Geride bıraktığımız haftayı yaşarken elimde olmadan’ bir güne, bir haftaya ne kadar kötülük haberi daha sığabilir?’ diye düşündüm. Bizim kutuyu her gün yeniden açan Pandora’mız kim?

Kötülük bir dürtü müdür? Kötülüğü oluşturan faktörlerin yaygınlaşması bireyselden çıkarak toplumsallaşan kötülüğe dönüşüyor. Geri kalmışlık ve cehalet kişilerin ‘kendi adaletini arayışına’ zemin oluşturuyor. Karın doyurma, kendini ve en yakınlarını koruma dürtüsü en azından yanı başında olup bitene müdahale etmeme, sessiz kalma, karşı çıkmama refleksiyle kötülüğün yaygınlığına ve kalıcılığına olanak veriyor. Bunu yaparken umarsızlık, sessizlik bile kimi durumda küçük çaplı bir kötülük aslında. Bir de tabi kötülerin düzeninde kötülüğü şehvetle savunanlar var. Bu da kötülüğün öğrenilir oluşuyla yüzleştiriyor bizi.

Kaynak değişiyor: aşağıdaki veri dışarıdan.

text \<open>\<open>\<sigma> g\<close> is an irreducible factor of \<open>F\<close> through \<open>x\<close>; it cannot divide \<open>h\<close>, so by primality it
  divides \<open>g\<close>, hence is an associate of \<open>g\<close>, and comparing the coefficients at \<open>m\<close> makes it equal.\<close>

lemma conjugation_fixes_factor_through_point:
  fixes \<sigma> :: "'a::field \<Rightarrow> 'a"
  assumes inf: "infinite (UNIV :: 'a set)" and \<sigma>: "ring_hom \<sigma>" "bij \<sigma>"
    and fixed: "Poly_Mapping.map \<sigma> F = F" "\<And>i. \<sigma> (x i) = x i"
    and F: "F = g * h" and g: "irreducible g" "mp_eval g x = 0" "Poly_Mapping.lookup g m = 1"
    and h: "mp_eval h x \<noteq> 0"
  shows "Poly_Mapping.map \<sigma> g = g" "Poly_Mapping.map \<sigma> h = h"
proof -
  interpret S: ring_iso "Poly_Mapping.map \<sigma> :: 'a mpoly \<Rightarrow> 'a mpoly" "Poly_Mapping.map (inv \<sigma>)"
    by (rule ring_iso_map[OF \<sigma>])
  let ?S = "Poly_Mapping.map \<sigma>"
  have Sg: "irreducible (?S g)" using g(1) S.irreducible_iff by blast
  have SF: "F = ?S g * ?S h" using fixed(1) F by (metis ring_hom.hom_mult[OF S.hom])
  have "mp_eval (?S g) x = \<sigma> (mp_eval g x)"
    using ring_hom.mp_eval_map[OF \<sigma>(1), of g x] fixed(2) by simp
  hence Sg_x: "mp_eval (?S g) x = 0" using g(2) by (simp add: ring_hom.hom_0[OF \<sigma>(1)])
  have "?S g dvd g * h" using SF F by (metis dvd_triv_left)
  moreover have "\<not> ?S g dvd h"
    using h Sg_x by (auto elim!: dvdE simp: ring_hom.hom_mult[OF ring_hom_mp_eval])
  ultimately have "?S g dvd g"
    using irreducible_imp_prime_elem_mpoly[OF inf Sg] by (simp add: prime_elem_dvd_mult_iff)
  then obtain u where u: "g = ?S g * u" by (rule dvdE)
  hence "u dvd 1" using irreducibleD[OF g(1)] irreducible_not_unit[OF Sg] by blast
  hence "vars_below 0 u" by (rule dvd_1_imp_vars_below)
  then obtain c where c: "u = mp_const c" using vars_below_0_iff by blast
  have "Poly_Mapping.lookup g m = c * Poly_Mapping.lookup (?S g) m"
    using u c by (metis lookup_mp_const_mult mult.commute)
  hence "c = 1" using g(3) by (simp add: lookup_map_zero ring_hom.hom_0[OF \<sigma>(1)] ring_hom.hom_1[OF \<sigma>(1)])
  thus Sg_eq: "?S g = g" using u c by (simp add: ring_hom.hom_1[OF ring_hom_mp_const])
  show "?S h = h" using SF F g(1) by (simp add: Sg_eq irreducible_def)
qed

lemma normalised_factor_through_smooth_point:
  fixes F :: "'a::field mpoly"
  assumes "F \<noteq> 0" "mp_eval F x = 0" "mp_eval (mp_pderiv i F) x \<noteq> 0"
  obtains g h m where "F = g * h" "irreducible g" "mp_eval g x = 0" "Poly_Mapping.lookup g m = 1"
    "mp_eval h x \<noteq> 0"
proof -
  obtain g h where gh: "F = g * h" "irreducible g" "mp_eval g x = 0"
    using vanishing_irreducible_factor[OF assms(1,2)] by blast
  have h: "mp_eval h x \<noteq> 0" using mp_eval_pderiv_mult_nonzero[of i g h x] assms(3) gh(1,3) by simp
  have "g \<noteq> 0" using gh(2) by (simp add: irreducible_def)
  then obtain m where m: "Poly_Mapping.lookup g m \<noteq> 0" using poly_mapping_eqI[of g 0] by auto
  let ?c = "Poly_Mapping.lookup g m"
  have "mp_const (inverse ?c) * mp_const ?c = mp_const (inverse ?c * ?c)"
    by (rule ring_hom.hom_mult[OF ring_hom_mp_const, symmetric])
  also have "\<dots> = 1" using m by (simp add: ring_hom.hom_1[OF ring_hom_mp_const])
  finally have unit: "mp_const (inverse ?c) * mp_const ?c = 1" .
  have "(mp_const (inverse ?c) * g) * (mp_const ?c * h) = (mp_const (inverse ?c) * mp_const ?c) * (g * h)"
    by (simp only: mult_ac)
  hence "F = (mp_const (inverse ?c) * g) * (mp_const ?c * h)" using gh(1) unit by simp
  moreover have "irreducible (mp_const (inverse ?c) * g)" "mp_eval (mp_const (inverse ?c) * g) x = 0"
      "Poly_Mapping.lookup (mp_const (inverse ?c) * g) m = 1"
    using gh(2,3) m by (simp_all add: irreducible_mult_unit is_unit_mp_const lookup_mp_const_mult
        ring_hom.hom_mult[OF ring_hom_mp_eval])
  moreover have "mp_eval (mp_const ?c * h) x \<noteq> 0"
    using h m by (simp add: ring_hom.hom_mult[OF ring_hom_mp_eval])
  ultimately show ?thesis by (rule that)
qed

lemma irreducible_map_if_smooth_rational_point:
  fixes F :: "'a::{finite,field} mpoly" and emb :: "'a \<Rightarrow> 'b::alg_closed_field"
  assumes emb: "ring_hom emb" and irr: "irreducible F"
    and P: "mp_eval F P = 0" "mp_eval (mp_pderiv i F) P \<noteq> 0"
  shows "irreducible (Poly_Mapping.map emb F)"
proof -
  interpret emb: ring_hom emb by (rule emb)
  let ?map = "Poly_Mapping.map emb" and ?P = "\<lambda>i. emb (P i)" and ?\<sigma> = "\<lambda>y::'b. y ^ card (UNIV :: 'a set)"
  have inj_map: "inj ?map" by (rule inj_map_zero[OF ring_hom_inj[OF emb] emb.hom_0])
  have emb_eq_0: "emb x = 0 \<longleftrightarrow> x = 0" for x
    using inj_eq[OF ring_hom_inj[OF emb], of x 0] by (simp add: emb.hom_0)
  have "?map F \<noteq> 0"
    using irr injD[OF inj_map, of F 0] ring_hom.hom_0[OF emb.ring_hom_map] by (auto simp: irreducible_def)
  moreover have "mp_eval (?map F) ?P = 0" "mp_eval (mp_pderiv i (?map F)) ?P \<noteq> 0"
    using P by (simp_all add: emb.mp_eval_map emb.mp_pderiv_map emb_eq_0)
  ultimately obtain g h m where F: "?map F = g * h" and g: "irreducible g" "mp_eval g ?P = 0"
      "Poly_Mapping.lookup g m = 1" and h: "mp_eval h ?P \<noteq> 0"
    by (rule normalised_factor_through_smooth_point)
  have \<sigma>: "ring_hom ?\<sigma>" by (rule ring_hom_frobenius[OF emb])
  have "Poly_Mapping.map ?\<sigma> (?map F) = ?map F"
    by (simp add: map_map_zero emb.hom_0 frobenius_emb[OF emb] power_0_left)
  moreover have "?\<sigma> (?P j) = ?P j" for j by (rule frobenius_emb[OF emb])
  moreover have "bij ?\<sigma>"
    using card_ge_2_field[where 'a = 'a] by (intro bij_power_alg_closed \<sigma>) simp
  ultimately have "Poly_Mapping.map ?\<sigma> g = g" "Poly_Mapping.map ?\<sigma> h = h"
    using conjugation_fixes_factor_through_point[OF alg_closed_infinite \<sigma>, of "?map F" ?P g h m] F g h
    by blast+
  then obtain g0 h0 where g0: "g = ?map g0" and h0: "h = ?map h0"
    using frobenius_invariant_descends[OF emb] by metis
  have "?map F = ?map (g0 * h0)" using F g0 h0 by (simp add: ring_hom.hom_mult[OF emb.ring_hom_map])
  hence "F = g0 * h0" by (rule injD[OF inj_map])
  moreover have "\<not> g0 dvd 1"
    using g(1) g0 ring_hom.hom_dvd_1[OF emb.ring_hom_map] irreducible_not_unit by metis
  ultimately have "h dvd 1"
    using irreducibleD[OF irr] h0 ring_hom.hom_dvd_1[OF emb.ring_hom_map] by blast
  thus ?thesis using F g(1) irreducible_mult_unit by (metis mult.commute)
qed
lemma M_exp_harm_bound:
  assumes "S \<subseteq> {..<k}" "S \<noteq> {}"
  shows "\<bar>M_exp n k C S - real n * harm (card (Sigma S missing))\<bar> \<le> 2 ^ card (Sigma S missing)"
proof -
  let ?U = "Sigma S missing"
  let ?B = "{B. B \<subseteq> ?U \<and> B \<noteq> {}}"
  have "finite S"
    using assms(1) finite_subset by blast
  then have "finite ?U"
    by (simp add: missing_def)
  have "M_exp n k C S - real n * harm (card ?U)
      = (\<Sum>B\<in>?B. (-1) ^ (card B + 1) * (1 / (1 - avoid_prob S B) - real n / real (card B)))"
    unfolding M_exp_def expectation_Max_player_time(2)[OF assms] harm_eq_alternating_sum_subsets[OF \<open>finite ?U\<close>]
    by (simp add: sum_distrib_left sum_subtractf[symmetric] algebra_simps)
  also have "\<bar>\<dots>\<bar> \<le> (\<Sum>B\<in>?B. 1)"
  proof (rule order.trans[OF sum_abs sum_mono])
    fix B assume "B \<in> ?B"
    then show "\<bar>(-1) ^ (card B + 1) * (1 / (1 - avoid_prob S B) - real n / real (card B))\<bar> \<le> 1"
      using avoid_prob_bounds[OF \<open>finite S\<close>, of B] by (simp add: abs_mult)
  qed
  also have "\<dots> \<le> real (card (Pow ?U))"
    using \<open>finite ?U\<close> card_mono[of "Pow ?U" ?B] by auto
  finally show ?thesis
    using \<open>finite ?U\<close> by (simp add: card_Pow)
qed

lemma m_exp_eq_alternating_sum_M_exp:
  assumes "0 < k"
  shows "m_exp n k C = (\<Sum>S | S \<subseteq> {..<k} \<and> S \<noteq> {}. (-1) ^ (card S + 1) * M_exp n k C S)"
proof -
  have "m_exp n k C = expectation (\<lambda>\<omega>. \<Sum>S | S \<subseteq> {..<k} \<and> S \<noteq> {}.
      (-1) ^ (card S + 1) * Max ((\<lambda>i. player_time n C i \<omega>) ` S))"
    using assms unfolding m_exp_def by (subst Min_eq_alternating_sum_Max) auto
  also have "\<dots> = (\<Sum>S | S \<subseteq> {..<k} \<and> S \<noteq> {}. (-1) ^ (card S + 1) * M_exp n k C S)"
    unfolding M_exp_def using expectation_Max_player_time(1)
    by (subst Bochner_Integration.integral_sum) auto
  finally show ?thesis .
qed

lemma m_exp_harm_bound:
  assumes "0 < k" "\<And>i. i < k \<Longrightarrow> C i \<subseteq> {..<n} \<and> card (C i) + s i = n"
  shows "\<bar>m_exp n k C - real n * (\<Sum>S | S \<subseteq> {..<k} \<and> S \<noteq> {}. (-1) ^ (card S + 1) * harm (\<Sum>i\<in>S. s i))\<bar>
         \<le> (\<Sum>S | S \<subseteq> {..<k} \<and> S \<noteq> {}. 2 ^ (\<Sum>i\<in>S. s i))"
proof -
  let ?S = "{S. S \<subseteq> {..<k} \<and> S \<noteq> {}}"
  have card_missing: "card (missing i) = s i" if "i < k" for i
  proof -
    have "C i \<subseteq> {..<n}" "card (C i) + s i = n"
      using assms(2)[OF that] by auto
    then show ?thesis
      using finite_subset[of "C i" "{..<n}"] by (simp add: missing_def card_Diff_subset)
  qed
  have card_Sigma: "card (Sigma S missing) = (\<Sum>i\<in>S. s i)" if "S \<in> ?S" for S
  proof -
    have "card (Sigma S missing) = (\<Sum>i\<in>S. card (missing i))"
      using that finite_subset[of S "{..<k}"] by (intro card_SigmaI) (auto simp: missing_def)
    also have "\<dots> = (\<Sum>i\<in>S. s i)"
      using that by (intro sum.cong refl card_missing) auto
    finally show ?thesis .
  qed
  have "m_exp n k C - real n * (\<Sum>S\<in>?S. (-1) ^ (card S + 1) * harm (\<Sum>i\<in>S. s i))
      = (\<Sum>S\<in>?S. (-1) ^ (card S + 1) * (M_exp n k C S - real n * harm (card (Sigma S missing))))"
    unfolding m_exp_eq_alternating_sum_M_exp[OF assms(1)] sum_distrib_left sum_subtractf[symmetric]
    by (intro sum.cong refl) (simp add: card_Sigma algebra_simps)
  also have "\<bar>\<dots>\<bar> \<le> (\<Sum>S\<in>?S. 2 ^ (\<Sum>i\<in>S. s i))"
  proof (rule order.trans[OF sum_abs sum_mono])
    fix S assume "S \<in> ?S"
    then show "\<bar>(-1) ^ (card S + 1) * (M_exp n k C S - real n * harm (card (Sigma S missing)))\<bar>
        \<le> 2 ^ (\<Sum>i\<in>S. s i)"
      using M_exp_harm_bound[of S] card_Sigma[of S] by (simp add: abs_mult)
  qed
  finally show ?thesis .
qed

Sosyal bilimler çağlar boyu kötülüğü anlamaya, tanımlamaya çalışır ve kötülükle başa çıkma yöntemleri arar. Herkesin kalbinin en derininde, dayanma eşiğinin bir noktasında çeşitli dozlarda kötülük bulunduğunu düşünelim. Hangimiz ne zaman ve ne kadar esir alınacağız bu dürtü tarafından? En azından akıl sağlığımızı ya da başka deyişle kendi iyiliğimizi korumak için kötülükle savaşmaktan vaz geçme ihtiyacı da başka bir dürtü olarak benliğimizi ele geçirebilir mi? Hangi aşamada ne zaman? Bundan kaçınmanın yolu ne?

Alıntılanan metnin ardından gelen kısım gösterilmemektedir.